CellScript's standard library is intentionally small. It is not a place for hidden protocol policy. A standard-library item is acceptable only when the compiler can lower it to explicit verifier effects, verifier constraints, or a small target-runtime helper.

Read stdlib calls as audit-visible shorthand. If a helper would hide Cell movement, signer authority, capacity policy, or collection ownership, it does not belong in the stable stdlib surface.

The Rule

Every stable stdlib primitive must have one of these shapes:

Shape Meaning
Canonical pattern Expands into consume, create, require, named output constraints, or metadata equality checks.
Runtime helper Lowers to a bounded ckb-vm helper or syscall wrapper with explicit metadata.
Collection helper Operates on verifier-local stack-backed values, not on hidden Cell ownership.

Unknown std::... patterns fail at compile time.

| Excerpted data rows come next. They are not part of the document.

lemma weak_ineq_diff:
  assumes um: "continuous_on (cball q r) um" and up: "continuous_on (cball q r) up"
    and fm: "continuous_on (cball q r) fm" and fp: "continuous_on (cball q r) fp"
    and e: "0 < e" "e \<le> r"
    and i1: "(\<integral>z. um z * laplacian (green_cutoff q r e) z \<partial>lborel) \<ge> (\<integral>z. fm z * green_cutoff q r e z \<partial>lborel)"
    and i2: "(\<integral>z. up z * laplacian (green_cutoff q r e) z \<partial>lborel) \<le> (\<integral>z. fp z * green_cutoff q r e z \<partial>lborel)"
  shows "(\<integral>z. (um z - up z) * laplacian (green_cutoff q r e) z \<partial>lborel) \<ge> (\<integral>z. (fm z - fp z) * green_cutoff q r e z \<partial>lborel)"
proof -
  have "(\<integral>z. (um z - up z) * laplacian (green_cutoff q r e) z \<partial>lborel) =
      (\<integral>z. um z * laplacian (green_cutoff q r e) z \<partial>lborel) - (\<integral>z. up z * laplacian (green_cutoff q r e) z \<partial>lborel)"
    using integrable_mult_laplacian_green_cutoff[OF um e] integrable_mult_laplacian_green_cutoff[OF up e] by (simp add: left_diff_distrib)
  moreover have "(\<integral>z. (fm z - fp z) * green_cutoff q r e z \<partial>lborel) =
      (\<integral>z. fm z * green_cutoff q r e z \<partial>lborel) - (\<integral>z. fp z * green_cutoff q r e z \<partial>lborel)"
    using integrable_mult_green_cutoff[OF fm e] integrable_mult_green_cutoff[OF fp e] by (simp add: left_diff_distrib)
  ultimately show ?thesis using i1 i2 by linarith
qed

lemma weak_ineq_linearized:
  assumes e: "0 < e" "e \<le> r"
    and Fc: "continuous_on (cball q r) F" and hc: "continuous_on (cball q r) h"
    and lin: "\<And>z. z \<in> cball q r \<Longrightarrow> - F z \<le> K * h z"
    and weak: "(\<integral>z. F z * green_cutoff q r e z \<partial>lborel) \<le> (\<integral>z. - h z * laplacian (green_cutoff q r e) z \<partial>lborel)"
  shows "(\<integral>z. h z * laplacian (green_cutoff q r e) z \<partial>lborel) \<le> K * (\<integral>z. h z * green_cutoff q r e z \<partial>lborel)"
proof -
  have "(\<integral>z. h z * laplacian (green_cutoff q r e) z \<partial>lborel) \<le> (\<integral>z. - F z * green_cutoff q r e z \<partial>lborel)"
    using weak by simp
  also have "\<dots> \<le> (\<integral>z. K * h z * green_cutoff q r e z \<partial>lborel)"
    using Fc hc lin by (intro integral_mult_green_cutoff_mono[OF e] continuous_intros)
  also have "\<dots> = K * (\<integral>z. h z * green_cutoff q r e z \<partial>lborel)" by (simp add: mult.assoc)
  finally show ?thesis .
qed

section \<open>Weak maximum principle\<close>

text \<open>Testing \<open>\<Delta>w \<ge> F\<close> against \<open>green_cutoff z0 r e\<close> compares the mollified means of \<open>w\<close> at the
  scales \<open>r\<close> and \<open>e\<close>. At a maximum of \<open>w\<close> their difference is at most \<open>o(1)\<close> as \<open>e \<rightarrow> 0\<close>, whereas
  \<open>F > 0\<close> near \<open>z0\<close> bounds \<open>\<integral> F * green_cutoff z0 r e\<close> below uniformly in \<open>e\<close>.\<close>
lemma weak_laplacian_pos_no_local_max:
  fixes w F :: "complex \<Rightarrow> real"
  assumes rho: "rho > 0"
    and wc: "continuous_on (cball z0 rho) w"
    and wmax: "\<And>z. z \<in> cball z0 rho \<Longrightarrow> w z \<le> w z0"
    and Fc: "continuous_on (cball z0 rho) F" and F0: "F z0 > 0"
    and weak: "\<And>r e. 0 < e \<Longrightarrow> e \<le> r \<Longrightarrow> r < rho \<Longrightarrow>
        (\<integral>z. w z * laplacian (green_cutoff z0 r e) z \<partial>lborel) \<ge> (\<integral>z. F z * green_cutoff z0 r e z \<partial>lborel)"
  shows False
proof -
  have z0in: "z0 \<in> cball z0 rho" using rho by simp
  obtain d where d: "d > 0" "\<And>z. z \<in> cball z0 rho \<Longrightarrow> dist z z0 < d \<Longrightarrow> dist (F z) (F z0) < F z0 / 2"
    using Fc z0in F0 unfolding continuous_on_iff by (metis half_gt_zero)
  define r where "r = min (rho / 2) (d / 2)"
  have r: "r > 0" "r < rho" "r < d" using rho d by (auto simp: r_def)
  have Fpos: "F z > 0" if "z \<in> cball z0 r" for z
  proof -
    have "z \<in> cball z0 rho" "dist z z0 < d" using that r by (auto simp: dist_commute)
    from d(2)[OF this] have "\<bar>F z - F z0\<bar> < F z0 / 2" by (simp add: dist_real_def)
    then show ?thesis by arith
  qed
  have Fcr: "continuous_on (cball z0 r) F" and wcr: "continuous_on (cball z0 r) w"
    using Fc wc r by (auto intro: continuous_on_subset)
  define c where "c = (\<integral>z. F z * green_cutoff z0 r (r/2) z \<partial>lborel)"
  have c: "c > 0" unfolding c_def using r by (intro integral_mult_green_cutoff_pos[OF _ _ Fcr Fpos]) auto
  define eta where "eta = c / (2 * (mollifier_mass + 1))"
  have eta: "eta > 0" "eta * mollifier_mass < c"
  proof -
    show "eta > 0" using c mollifier_mass_nonneg by (simp add: eta_def)
    have "eta * mollifier_mass = c * (mollifier_mass / (2 * (mollifier_mass + 1)))" by (simp add: eta_def)
    also have "\<dots> < c * 1" using c mollifier_mass_nonneg by (intro mult_strict_left_mono) auto
    finally show "eta * mollifier_mass < c" by simp
  qed
  obtain e0 where e0: "e0 > 0" "e0 \<le> r"
    and wnear: "\<And>e. 0 < e \<Longrightarrow> e \<le> e0 \<Longrightarrow> (w z0 - eta) * mollifier_mass \<le> (\<integral>z. w z * mollifier z0 e z \<partial>lborel)"
    by (rule integral_mult_mollifier_near[OF wcr r(1) eta(1)]) (rule that)
  define e where "e = min (r/2) e0"
  have e: "0 < e" "e \<le> r/2" "e \<le> r" "e \<le> e0" using r e0 by (auto simp: e_def)
  have "c \<le> (\<integral>z. F z * green_cutoff z0 r e z \<partial>lborel)"
    unfolding c_def using e r Fpos by (intro integral_mult_green_cutoff_antimono[OF _ _ _ Fcr]) (auto intro: less_imp_le)
  also have "\<dots> \<le> (\<integral>z. w z * laplacian (green_cutoff z0 r e) z \<partial>lborel)" by (rule weak[OF e(1,3) r(2)])
  also have "\<dots> = (\<integral>z. w z * mollifier z0 r z \<partial>lborel) - (\<integral>z. w z * mollifier z0 e z \<partial>lborel)"
    by (rule integral_mult_laplacian_green_cutoff[OF wcr e(1,3)])
  also have "\<dots> \<le> w z0 * mollifier_mass - (w z0 - eta) * mollifier_mass"
  proof (rule diff_mono)
    show "(\<integral>z. w z * mollifier z0 r z \<partial>lborel) \<le> w z0 * mollifier_mass"
      by (rule integral_mult_mollifier_le[OF wcr r(1)]) (use wmax r in auto)
    show "(w z0 - eta) * mollifier_mass \<le> (\<integral>z. w z * mollifier z0 e z \<partial>lborel)"
      by (rule wnear[OF e(1,4)])
  qed
  also have "\<dots> = eta * mollifier_mass" by (simp add: algebra_simps)
  finally show False using eta by simp
qed

section \<open>Integration by parts\<close>

lemma directional_deriv_eq_0_outside:
  fixes g g1 :: "complex \<Rightarrow> real"
  assumes e: "cmod e = 1"
    and gd: "\<And>z. ((\<lambda>t. g (z + of_real t * e)) has_real_derivative g1 z) (at 0)"
    and gs: "\<And>z. z \<notin> cball a R \<Longrightarrow> g z = 0"
    and z: "z \<notin> cball a R"
  shows "g1 z = 0"
proof -
  define d where "d = dist a z - R"
  have d: "d > 0" using z by (simp add: d_def)
  have "((\<lambda>t. g (z + of_real t * e)) has_real_derivative 0) (at 0)"
  proof (rule has_field_derivative_transform_within_open[of "\<lambda>_. 0" 0 0 "ball 0 d"])
    show "((\<lambda>_. 0) has_real_derivative 0) (at 0)" by simp
    show "open (ball (0::real) d)" "(0::real) \<in> ball 0 d" using d by auto
    fix t :: real assume t: "t \<in> ball 0 d"
    have "dist a (z + of_real t * e) \<ge> dist a z - \<bar>t\<bar>"
      using dist_triangle[of a z "z + of_real t * e"] e by (simp add: dist_norm norm_mult)
    then have "z + of_real t * e \<notin> cball a R" using t by (auto simp: d_def)
    then show "0 = g (z + of_real t * e)" using gs by simp
  qed
  then show ?thesis using gd[of z] DERIV_unique by blast
qed

lemma directional_DERIV_shift:
  assumes "\<And>z. ((\<lambda>t. g (z + of_real t * e)) has_real_derivative g1 z) (at 0)"
  shows "((\<lambda>t. g (z + of_real t * e)) has_real_derivative g1 (z + of_real s * e)) (at s)"
proof -
  have "((\<lambda>t. g ((z + of_real s * e) + of_real t * e)) has_real_derivative g1 (z + of_real s * e)) (at 0)"
    by (rule assms)
  then have "((\<lambda>t. g (z + of_real (t + s) * e)) has_real_derivative g1 (z + of_real s * e)) (at 0)"
    by (simp add: algebra_simps)
  then show ?thesis using DERIV_shift[of "\<lambda>t. g (z + of_real t * e)" _ 0 s] by simp
qed

lemma difference_quotient_bound:
  fixes f f1 :: "complex \<Rightarrow> real"
  assumes fd: "\<And>z. ((\<lambda>t. f (z + of_real t * e)) has_real_derivative f1 z) (at 0)"
    and bound: "\<And>t. \<bar>t\<bar> \<le> \<bar>c\<bar> \<Longrightarrow> \<bar>f1 (z + of_real t * e)\<bar> \<le> K"
  shows "\<bar>(f (z + of_real c * e) - f z) / c\<bar> \<le> K"
proof -
  have d: "((\<lambda>t. f (z + of_real t * e)) has_real_derivative f1 (z + of_real t * e)) (at t)" for t
    by (rule directional_DERIV_shift[OF fd])
  consider "c > 0" | "c < 0" | "c = 0" by linarith
  then show ?thesis
  proof cases
    case 1
    from MVT2[OF 1 d] obtain xi where "0 < xi" "xi < c"
      and "f (z + of_real c * e) - f (z + of_real 0 * e) = (c - 0) * f1 (z + of_real xi * e)"
      by blast
    then have "(f (z + of_real c * e) - f z) / c = f1 (z + of_real xi * e)" using 1 by simp
    then show ?thesis using bound[of xi] \<open>0 < xi\<close> \<open>xi < c\<close> by simp
  next
    case 2
    from MVT2[OF 2 d] obtain xi where "c < xi" "xi < 0"
      and "f (z + of_real 0 * e) - f (z + of_real c * e) = (0 - c) * f1 (z + of_real xi * e)"
      by blast
    then have "(f (z + of_real c * e) - f z) / c = f1 (z + of_real xi * e)" using 2 by (simp add: field_simps)
    then show ?thesis using bound[of xi] \<open>c < xi\<close> \<open>xi < 0\<close> by simp
  next
    case 3
    then show ?thesis using bound[of 0] by simp
  qed
qed

lemma integral_difference_quotient_tendsto:
  fixes f f1 w :: "complex \<Rightarrow> real"
  assumes e: "cmod e = 1"
    and fc: "continuous_on UNIV f" and f1c: "continuous_on UNIV f1"
    and fd: "\<And>z. ((\<lambda>t. f (z + of_real t * e)) has_real_derivative f1 z) (at 0)"
    and wc: "continuous_on UNIV w"
    and ws: "\<And>z t. z \<notin> cball a R \<Longrightarrow> \<bar>t\<bar> \<le> 1 \<Longrightarrow> w z * (f (z + of_real t * e) - f z) = 0"
    and h: "filterlim h (at 0) sequentially" and h1: "\<And>n. \<bar>h n\<bar> \<le> 1"
  shows "(\<lambda>n. \<integral>z. w z * ((f (z + of_real (h n) * e) - f z) / h n) \<partial>lborel) \<longlonglongrightarrow> (\<integral>z. w z * f1 z \<partial>lborel)"
proof -
  obtain K where K: "K > 0" "\<And>z. z \<in> cball a (R + 1) \<Longrightarrow> \<bar>f1 z\<bar> \<le> K"
    using continuous_on_cball_bounded[OF continuous_on_subset[OF f1c]] by blast
  have meas: "f \<in> borel_measurable lborel" if "continuous_on UNIV f" for f :: "complex \<Rightarrow> real"
    using borel_measurable_continuous_onI[OF that] by simp
  have fsh: "continuous_on UNIV (\<lambda>z. f (z + of_real c * e))" for c
    by (rule continuous_on_compose2[OF fc]) (auto intro!: continuous_intros)
  show ?thesis
  proof (rule integral_dominated_convergence[where w="\<lambda>z. indicator (cball a R) z *\<^sub>R (\<bar>w z\<bar> * K)"])
    show "(\<lambda>z. w z * f1 z) \<in> borel_measurable lborel" by (intro meas continuous_intros wc f1c)
    show "(\<lambda>z. w z * ((f (z + of_real (h n) * e) - f z) / h n)) \<in> borel_measurable lborel" for n
      unfolding divide_inverse by (intro meas continuous_intros wc fc fsh)
    show "integrable lborel (\<lambda>z. indicator (cball a R) z *\<^sub>R (\<bar>w z\<bar> * K))"
      by (intro borel_integrable_compact compact_cball continuous_intros continuous_on_subset[OF wc]) auto
    show "AE z in lborel. (\<lambda>n. w z * ((f (z + of_real (h n) * e) - f z) / h n)) \<longlonglongrightarrow> w z * f1 z"
    proof (rule AE_I2)
      fix z
      have "((\<lambda>t. (f (z + of_real (0 + t) * e) - f (z + of_real 0 * e)) / t) \<longlongrightarrow> f1 z) (at 0)"
        using fd[of z] unfolding DERIV_def .
      then have "((\<lambda>t. (f (z + of_real t * e) - f z) / t) \<longlongrightarrow> f1 z) (at 0)" by simp
      from filterlim_compose[OF this h]
      show "(\<lambda>n. w z * ((f (z + of_real (h n) * e) - f z) / h n)) \<longlonglongrightarrow> w z * f1 z"
        by (intro tendsto_mult tendsto_const) (simp add: o_def)
    qed
    show "AE z in lborel. norm (w z * ((f (z + of_real (h n) * e) - f z) / h n))
        \<le> indicator (cball a R) z *\<^sub>R (\<bar>w z\<bar> * K)" for n
    proof (rule AE_I2)
      fix z
      show "norm (w z * ((f (z + of_real (h n) * e) - f z) / h n)) \<le> indicator (cball a R) z *\<^sub>R (\<bar>w z\<bar> * K)"
      proof (cases "z \<in> cball a R")
        case True
        have "\<bar>(f (z + of_real (h n) * e) - f z) / h n\<bar> \<le> K"
        proof (rule difference_quotient_bound[OF fd])
          fix t :: real assume "\<bar>t\<bar> \<le> \<bar>h n\<bar>"
          then have "dist a (z + of_real t * e) \<le> R + 1"
            using dist_triangle[of a "z + of_real t * e" z] e True h1[of n] by (simp add: dist_norm norm_mult)
          then show "\<bar>f1 (z + of_real t * e)\<bar> \<le> K" using K(2) by simp
        qed
        then have "\<bar>w z\<bar> * \<bar>(f (z + of_real (h n) * e) - f z) / h n\<bar> \<le> \<bar>w z\<bar> * K"
          by (rule mult_left_mono) simp
        then show ?thesis using True by (simp only: real_norm_def abs_mult indicator_simps scaleR_one)
      next
        case False
        then have "w z * (f (z + of_real (h n) * e) - f z) = 0" using ws h1 by blast
        then have "w z * ((f (z + of_real (h n) * e) - f z) / h n) = 0" by simp
        then show ?thesis using False by simp
      qed
    qed
  qed
qed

This is deliberate: authors should not be able to smuggle protocol semantics through a name that the compiler does not understand.

Namespaces

The 0.15 release line uses these source-facing namespaces:

Namespace Purpose
std::cell Cell identity, lock, and capacity continuity helpers.
std::accounting Simple field-level conservation helpers.
std::lifecycle Explicit lifecycle patterns that consume an input and constrain a named output.
std::receipt Receipt redemption patterns for receipts that declare an output type.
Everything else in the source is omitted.